* Task objective *
Give back every entry below, exactly as written.

* Data for the task *
(* For $A,x\in\mathbb{R}$ define $E_0(A,x):=1$, $E_1(A,x):=e^{(1-x)A}$ and, for $n\ge2$, \[ E_n(A,x):=\begin{cases} \exp\!\Big(\big[x(E_1+E_3+\cdots+E_{n-1})-\tfrac n2\big]A\Big), & n \text{ even},\\[4pt] \exp\!\Big(\big[\tfrac{n+1}{2}-x(E_0+E_2+\cdots+E_{n-1})\big]A\Big), & n\text{ odd},\end{cases} \] with all $E_j$ evaluated at $(A,x)$. Define $\varphi_1(A,x):=x-1$, $\varphi_n(A,x):=\varphi_{n-1}(A,x)-1+xE_{n-1}(A,x)$ for $n\ge2$, and the polynomial $p_n(A):=\frac{\partial\varphi_n}{\partial x}(A,1)$. Then: (i) for every $n\ge2$, the positive roots of $p_{2n}$ are separated by the positive roots of $p_{2n-1}$, and the positive roots of $p_{2n+1}$ are separated by the positive roots of $p_{2n}$ that are less than $2$; (ii) for every $n\ge1$, the even polynomials $\frac{p_{2n}(A)}{2-A}$ and $p_{2n-1}(A)$ each have exactly $n-1$ positive roots; consequently, since they are even of degree $2n-2$, they also have $n-1$ negative roots, and all their roots are real and simple.
   Context: Given two finite sets $R_1,R_2\subset\mathbb{R}$ (here, sets of roots), "$R_1$ is separated by $R_2$" means: all elements of $R_2$ lie between the minimal and maximal elements of $R_1$, and between any two consecutive elements of $R_2$ there... more precisely, any interval formed by a pair of consecutive elements of $R_1$ contains exactly one element of $R_2$ (i.e. the elements of $R_1$ and $R_2$ interlace, with $R_1$ having the extreme elements). For $n\ge1$, $2-A$ divides $p_{2n}(A)$, so $\frac{p_{2n}(A)}{2-A}$ is a polynomial. *)

theory Defs
  imports "HOL-Analysis.Analysis" "HOL-Computational_Algebra.Polynomial"
begin

fun E :: "nat \<Rightarrow> real \<Rightarrow> real \<Rightarrow> real" where
  "E n A x =
     (if n = 0 then 1
      else if n = 1 then exp ((1 - x) * A)
      else if even n then
        exp ((x * (\<Sum>j\<in>{j. j < n \<and> odd j}. E j A x) - real n / 2) * A)
      else
        exp (((real n + 1) / 2 - x * (\<Sum>j\<in>{j. j < n \<and> even j}. E j A x)) * A))"

text \<open>phi_n(A,x) for n >= 1 (the value at n = 0 is an unused dummy).\<close>
fun phi :: "nat \<Rightarrow> real \<Rightarrow> real \<Rightarrow> real" where
  "phi 0 A x = 0"
| "phi (Suc 0) A x = x - 1"
| "phi (Suc (Suc n)) A x = phi (Suc n) A x - 1 + x * E (Suc n) A x"

definition p :: "nat \<Rightarrow> real \<Rightarrow> real" where
  "p n A = deriv (\<lambda>x. phi n A x) 1"

definition separated_by :: "real set \<Rightarrow> real set \<Rightarrow> bool" where
  "separated_by R1 R2 \<longleftrightarrow>
     finite R1 \<and> finite R2 \<and> R1 \<inter> R2 = {} \<and>
     (\<forall>r\<in>R2. \<exists>a\<in>R1. \<exists>b\<in>R1. a < r \<and> r < b) \<and>
     (\<forall>a\<in>R1. \<forall>b\<in>R1. a < b \<and> R1 \<inter> {a<..<b} = {} \<longrightarrow>
        card (R2 \<inter> {a<..<b}) = 1)"

definition even_real_simple_roots :: "real poly \<Rightarrow> nat \<Rightarrow> bool" where
  "even_real_simple_roots Q n \<longleftrightarrow>
     Q \<noteq> 0 \<and> (\<forall>A. poly Q (- A) = poly Q A) \<and> degree Q = 2 * n - 2 \<and>
     card {A. 0 < A \<and> poly Q A = 0} = n - 1 \<and>
     card {A. A < 0 \<and> poly Q A = 0} = n - 1 \<and>
     (\<forall>z. poly (map_poly complex_of_real Q) z = 0 \<longrightarrow>
        Im z = 0 \<and> order z (map_poly complex_of_real Q) = 1)"

end

theory Submission
  imports Defs
begin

* Problem solution *
(* For $A,x\in\mathbb{R}$ define $E_0(A,x):=1$, $E_1(A,x):=e^{(1-x)A}$ and, for $n\ge2$, \[ E_n(A,x):=\begin{cases} \exp\!\Big(\big[x(E_1+E_3+\cdots+E_{n-1})-\tfrac n2\big]A\Big), & n \text{ even},\\[4pt] \exp\!\Big(\big[\tfrac{n+1}{2}-x(E_0+E_2+\cdots+E_{n-1})\big]A\Big), & n\text{ odd},\end{cases} \] with all $E_j$ evaluated at $(A,x)$. Define $\varphi_1(A,x):=x-1$, $\varphi_n(A,x):=\varphi_{n-1}(A,x)-1+xE_{n-1}(A,x)$ for $n\ge2$, and the polynomial $p_n(A):=\frac{\partial\varphi_n}{\partial x}(A,1)$. Then: (i) for every $n\ge2$, the positive roots of $p_{2n}$ are separated by the positive roots of $p_{2n-1}$, and the positive roots of $p_{2n+1}$ are separated by the positive roots of $p_{2n}$ that are less than $2$; (ii) for every $n\ge1$, the even polynomials $\frac{p_{2n}(A)}{2-A}$ and $p_{2n-1}(A)$ each have exactly $n-1$ positive roots; consequently, since they are even of degree $2n-2$, they also have $n-1$ negative roots, and all their roots are real and simple.
   Context: Given two finite sets $R_1,R_2\subset\mathbb{R}$ (here, sets of roots), "$R_1$ is separated by $R_2$" means: all elements of $R_2$ lie between the minimal and maximal elements of $R_1$, and between any two consecutive elements of $R_2$ there... more precisely, any interval formed by a pair of consecutive elements of $R_1$ contains exactly one element of $R_2$ (i.e. the elements of $R_1$ and $R_2$ interlace, with $R_1$ having the extreme elements). For $n\ge1$, $2-A$ divides $p_{2n}(A)$, so $\frac{p_{2n}(A)}{2-A}$ is a polynomial. *)

theory Defs
  imports "HOL-Analysis.Analysis" "HOL-Computational_Algebra.Polynomial"
begin

fun E :: "nat \<Rightarrow> real \<Rightarrow> real \<Rightarrow> real" where
  "E n A x =
     (if n = 0 then 1
      else if n = 1 then exp ((1 - x) * A)
      else if even n then
        exp ((x * (\<Sum>j\<in>{j. j < n \<and> odd j}. E j A x) - real n / 2) * A)
      else
        exp (((real n + 1) / 2 - x * (\<Sum>j\<in>{j. j < n \<and> even j}. E j A x)) * A))"

text \<open>phi_n(A,x) for n >= 1 (the value at n = 0 is an unused dummy).\<close>
fun phi :: "nat \<Rightarrow> real \<Rightarrow> real \<Rightarrow> real" where
  "phi 0 A x = 0"
| "phi (Suc 0) A x = x - 1"
| "phi (Suc (Suc n)) A x = phi (Suc n) A x - 1 + x * E (Suc n) A x"

definition p :: "nat \<Rightarrow> real \<Rightarrow> real" where
  "p n A = deriv (\<lambda>x. phi n A x) 1"

definition separated_by :: "real set \<Rightarrow> real set \<Rightarrow> bool" where
  "separated_by R1 R2 \<longleftrightarrow>
     finite R1 \<and> finite R2 \<and> R1 \<inter> R2 = {} \<and>
     (\<forall>r\<in>R2. \<exists>a\<in>R1. \<exists>b\<in>R1. a < r \<and> r < b) \<and>
     (\<forall>a\<in>R1. \<forall>b\<in>R1. a < b \<and> R1 \<inter> {a<..<b} = {} \<longrightarrow>
        card (R2 \<inter> {a<..<b}) = 1)"

definition even_real_simple_roots :: "real poly \<Rightarrow> nat \<Rightarrow> bool" where
  "even_real_simple_roots Q n \<longleftrightarrow>
     Q \<noteq> 0 \<and> (\<forall>A. poly Q (- A) = poly Q A) \<and> degree Q = 2 * n - 2 \<and>
     card {A. 0 < A \<and> poly Q A = 0} = n - 1 \<and>
     card {A. A < 0 \<and> poly Q A = 0} = n - 1 \<and>
     (\<forall>z. poly (map_poly complex_of_real Q) z = 0 \<longrightarrow>
        Im z = 0 \<and> order z (map_poly complex_of_real Q) = 1)"

end

theory Submission
  imports Defs
begin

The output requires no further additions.